Inna Frolova

Personal information
- Born: Inna Vasylivna Frolova 3 June 1965 (age 61) Dnipropetrovsk, Ukrainian SSR, Soviet Union
- Height: 182 cm (6 ft 0 in)
- Weight: 82 kg (181 lb)

Sport
- Sport: Rowing
- Club: Spartak Dnipropetrovsk

Medal record
Women's rowing
Olympic Games
Representing the Soviet Union
| Silver medal – second place | 1988 Seoul | Quadruple sculls |
World Rowing Championships
| Silver medal – second place | 1990 Copenhagen | Double sculls |
Representing Ukraine
| Silver medal – second place | 1996 Atlanta | Quadruple sculls |
World Rowing Championships
| Bronze medal – third place | 1997 Aiguebelette-le-Lac | Quadruple sculls |

= Inna Frolova =

Ukrainian rower

Inna Vasylivna Frolova (Инна Фролова; born 3 June 1965 in Dnipropetrovsk) is a retired rower from Ukraine, who twice won an Olympic medal during her career. She is a three-time Olympian.

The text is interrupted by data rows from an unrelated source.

lemma not_escapes_Vs:
  assumes "before_on_all_max_paths E s2 b a" "(p, s2) \<in> E" "a \<noteq> b"
    and "c \<in> Vs V E p s1" "c \<noteq> p" "reach_avoiding E {b} c a"
  shows "\<not> escapes E (Vs V E p s1) b"
proof
  assume "escapes E (Vs V E p s1) b"
  then have escapes_c: "escapes E {c} b"
    by (rule escapes_antimono) (use assms(4) in blast)
  have no_escape: "\<not> escapes E {b} s2" and no_path: "\<not> reach_avoiding E {b} s2 a"
    using assms(1,3) by (simp_all add: before_on_all_max_paths_iff)
  have "b \<noteq> c" using reach_avoiding_not_in[OF assms(6)] by auto
  from reach_avoiding_first_of[OF no_escape this] show False
  proof
    assume "reach_avoiding E {c} s2 b"
    then have "escapes E {c} s2" using escapes_c by (rule escapes_if_reach_avoiding)
    moreover have "c \<in> Vp V E p" using assms(4) Vs_subset_Vp[of V E p s1] by blast
    then have "\<not> escapes E {c} s2"
      using assms(2,5) not_escapes_step[of E "{c}" p s2] by (auto simp: Vp_iff)
    ultimately show False by contradiction
  next
    assume "reach_avoiding E {b} s2 c"
    then have "reach_avoiding E {b} s2 a" using assms(6) by (rule reach_avoiding_trans)
    with no_path show False ..
  qed
qed

lemma strip_if_before_on_all_max_paths:
  assumes before1: "before_on_all_max_paths E s1 a b"
    and before2: "before_on_all_max_paths E s2 b a"
    and succs: "succs E p = {s1, s2}"
    and "a \<in> Vp V E p" "b \<in> Vp V E p" "a \<noteq> p" "b \<noteq> p" "a \<noteq> b"
  shows "\<exists>ns. strip V E p s1 ns \<and> contains_before ns a b"
proof -
  let ?V1 = "Vs V E p s1"
  have edges: "(p, s1) \<in> E" "(p, s2) \<in> E" using succs by (auto simp: succs_def)
  obtain c v where c: "c \<in> ?V1" "c \<noteq> p" and cv: "fpath E (c # v)" "last (c # v) = a"
    "set v \<inter> ?V1 = {}" "b \<notin> set (c # v)"
    using last_Vs_entry[OF before1 before2 succs \<open>a \<in> Vp V E p\<close> \<open>a \<noteq> p\<close> \<open>a \<noteq> b\<close>] .
  have c_to_a: "reach_avoiding E {b} c a"
    using cv unfolding reach_avoiding_def by (intro exI[of _ "c # v"]) auto
  have "reach_avoiding E {b} s1 c"
    using reach_avoiding_to_Vs[OF c(1) \<open>b \<in> Vp V E p\<close>] cv(4) by auto
  then have "reach_avoiding E {b} s1 a" using c_to_a by (rule reach_avoiding_trans)
  moreover have "\<not> escapes E {b} s1"
    using \<open>b \<in> Vp V E p\<close> edges(1) \<open>b \<noteq> p\<close> not_escapes_step[of E "{b}" p s1]
    by (auto simp: Vp_iff)
  ultimately have "\<not> escapes E {b} a"
    by (metis escapes_if_reach_avoiding)
  then obtain m w where m: "(a, m) \<in> E" and w: "fpath E w" "hd w = m" "last w = b"
    "set w \<inter> ?V1 = {}"
    using succ_path_avoiding_Vs[OF before1 _ \<open>a \<in> Vp V E p\<close> \<open>a \<noteq> b\<close>] by blast
  have "w \<noteq> []" using w(1) by auto
  with w have "b \<notin> ?V1" by (metis disjoint_iff last_in_set)
  with not_escapes_Vs[OF before2 edges(2) \<open>a \<noteq> b\<close> c c_to_a]
  obtain u y where d: "fpath E (b # u @ [y])" "y \<in> ?V1" "set u \<inter> ?V1 = {}"
    by (rule not_escapes_path_outside)
  have "fpath E ((c # v) @ w)"
    unfolding fpath_append using cv(1,2) w(1,2) m by auto
  then have "fpath E (((c # v) @ w) @ tl (b # u @ [y]))"
    using d(1) w(3) \<open>w \<noteq> []\<close> by (intro fpath_join) auto
  then have path: "fpath E (c # (v @ w @ u) @ [y])" by simp
  have "contains_before ((c # v) @ w @ u) a b"
    using contains_before_append[of "c # v" w u] cv(2) w(3) \<open>w \<noteq> []\<close> by simp
  moreover have "set (v @ w @ u) \<inter> ?V1 = {}"
    using cv(3) w(4) d(3) by auto
  ultimately show ?thesis
    using strip_if_path[OF path c(1) d(2)] \<open>a \<in> Vp V E p\<close> \<open>b \<in> Vp V E p\<close> by simp
qed

section \<open>From strips to DOD\<close>

lemma not_escapes_within_Vp:
  assumes "(p, q1) \<in> Ap V E p" "(p, q2) \<in> Ap V E p" "q1 \<noteq> q2"
    and "x \<in> Vp V E p" "x \<noteq> p" "y \<in> Vp V E p" "y \<noteq> p"
  shows "\<not> escapes E {y} x"
proof
  assume escapes: "escapes E {y} x"
  have q_Vp: "q1 \<in> Vp V E p" "q2 \<in> Vp V E p"
    using assms(1,2) unfolding Ap_eq_interval_graph in_interval_graph_iff by blast+
  have q_not_p: "q1 \<noteq> p" "q2 \<noteq> p"
    using Ap_self_loop_only assms(1,2,4,5) by metis+
  have "\<forall>q\<in>{q1, q2}. \<not> escapes E {y} q"
    using not_escapes_from_Ap_succ[OF assms(1) assms(6,7)]
      not_escapes_from_Ap_succ[OF assms(2) assms(6,7)] by blast
  with escapes have "escapes E ({y} \<union> {q1, q2}) x" by (rule escapes_Un)
  then have "escapes E {q1, q2} x" by (rule escapes_antimono) blast
  moreover obtain xs where xs: "fpath E xs" "hd xs = q1" "last xs \<in> {x}"
    using not_escapes_path[OF not_escapes_from_Ap_succ[OF assms(1) assms(4,5)]] by blast
  ultimately have "escapes E {q1, q2} (last xs)" by simp
  moreover have "set xs \<inter> {q1, q2} \<noteq> {}"
    using xs(1,2) by (metis disjoint_iff fpath_Nil hd_in_set insertI1)
  ultimately obtain q where "q \<in> {q1, q2}" "escapes E ({q1, q2} - {q}) q"
    using escapes_last_visit[OF xs(1)] by blast
  then show False
    using assms(3) not_escapes_from_Ap_succ[OF assms(1) q_Vp(2) q_not_p(2)]
      not_escapes_from_Ap_succ[OF assms(2) q_Vp(1) q_not_p(1)]
    by (auto simp: insert_Diff_if)
qed

lemma before_on_all_max_paths_if_strip:
  assumes two_succs: "(p, q1) \<in> Ap V E p" "(p, q2) \<in> Ap V E p" "q1 \<noteq> q2"
    and strip: "strip V E p s ns" "contains_before ns a b"
    and "(p, s) \<in> E" "a \<noteq> p" "b \<noteq> p" "a \<noteq> b"
  shows "before_on_all_max_paths E s a b"
proof -
  have ab_Vp: "a \<in> Vp V E p" "b \<in> Vp V E p"
    using contains_before_in_Vp[OF strip] by auto
  then have no_escape_p: "\<not> escapes E {a} p" by (simp add: Vp_iff)
  then have "\<not> escapes E {a} s"
    using \<open>(p, s) \<in> E\<close> \<open>a \<noteq> p\<close> not_escapes_step[of E "{a}" p s] by auto
  moreover have "\<not> reach_avoiding E {a} s b"
  proof
    assume "reach_avoiding E {a} s b"
    then obtain g where g: "fpath E g" "hd g = s" "last g = b" "a \<notin> set g"
      unfolding reach_avoiding_def by blast
    have "p \<notin> set g"
    proof
      assume "p \<in> set g"
      with g have "reach_avoiding E {a} s p"
        using reach_avoiding_to_mem[OF g(1)] by auto
      with \<open>(p, s) \<in> E\<close> have "escapes E {a} p" by (rule escapes_if_cycle)
      with no_escape_p show False ..
    qed
    have "b \<in> set g" using g(1,3) by (metis fpath_Nil last_in_set)
    with g(1,2) ab_Vp(2) have "set g \<inter> Vs V E p s \<noteq> {}"
      by (intro Vs_meets_path) auto
    then obtain c where c: "c \<in> set g" "c \<in> Vs V E p s" by blast
    then have c_Vp: "c \<in> Vp V E p" and "c \<noteq> p" "c \<noteq> a"
      using Vs_subset_Vp[of V E p s] \<open>p \<notin> set g\<close> g(4) by auto
    have c_to_b: "reach_avoiding E {a} c b"
      using reach_avoiding_from_mem[OF g(1) _ c(1)] g(3,4) by auto
    have a_to_b: "reach_avoiding E {c} a b"
      using strip c(2) \<open>c \<noteq> a\<close> by (rule reach_avoiding_along_strip)
    have "\<not> escapes E {a} b" "\<not> escapes E {c} b"
      using not_escapes_within_Vp[OF two_succs] ab_Vp c_Vp \<open>a \<noteq> p\<close> \<open>b \<noteq> p\<close> \<open>c \<noteq> p\<close> by auto
    with a_to_b c_to_b show False
      using escapes_if_reach_avoiding_each_other[of E a b c] by blast
  qed
  ultimately show ?thesis
    using \<open>a \<noteq> b\<close> by (simp add: before_on_all_max_paths_iff)
qed

theorem theorem4p13:
  fixes V :: "'v set" and E :: "('v \<times> 'v) set" and p a b s1 s2 :: 'v
  assumes "cfg V E"
    and "p \<in> V" and "a \<in> V" and "b \<in> V"
    and "p \<noteq> a" and "p \<noteq> b" and "a \<noteq> b"
    and "s1 \<noteq> s2" and "succs E p = {s1, s2}"
  shows "DOD E p s1 s2 a b \<longleftrightarrow>
           ((\<exists>y z. y \<noteq> z \<and> (p, y) \<in> Ap V E p \<and> (p, z) \<in> Ap V E p) \<and>
            (\<exists>ns. strip V E p s1 ns \<and> contains_before ns a b) \<and>
            (\<exists>ns. strip V E p s2 ns \<and> contains_before ns b a))"
proof -
  have ne: "a \<noteq> p" "b \<noteq> p" "b \<noteq> a" using assms(5-7) by auto
  have edges: "(p, s1) \<in> E" "(p, s2) \<in> E" and succs': "succs E p = {s2, s1}"
    using assms(9) by (auto simp: succs_def)
  have DOD_iff: "DOD E p s1 s2 a b \<longleftrightarrow> a \<in> Vp V E p \<and> b \<in> Vp V E p \<and>
      before_on_all_max_paths E s1 a b \<and> before_on_all_max_paths E s2 b a"
    using assms(3,4) by (auto simp: DOD_def Vp_def)
  show ?thesis
    unfolding DOD_iff
    using two_Ap_succs_if_before[OF assms(2) edges _ _ _ _ assms(7)]
      strip_if_before_on_all_max_paths[OF _ _ assms(9) _ _ ne(1,2) assms(7)]
      strip_if_before_on_all_max_paths[OF _ _ succs' _ _ ne(2,1,3)]
      before_on_all_max_paths_if_strip[OF _ _ _ _ _ edges(1) ne(1,2) assms(7)]
      before_on_all_max_paths_if_strip[OF _ _ _ _ _ edges(2) ne(2,1,3)]
      contains_before_in_Vp
    by meson
qed

end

After having won the silver medal for the Soviet Union in the Women's Quadruple Sculls at the 1988 Summer Olympics Frolova repeated that feat, rowing for Ukraine at the 1996 Summer Olympics. In Atlanta, Georgia her team mates were Olena Ronzhyna, Svitlana Maziy, and Dina Miftakhutdynova.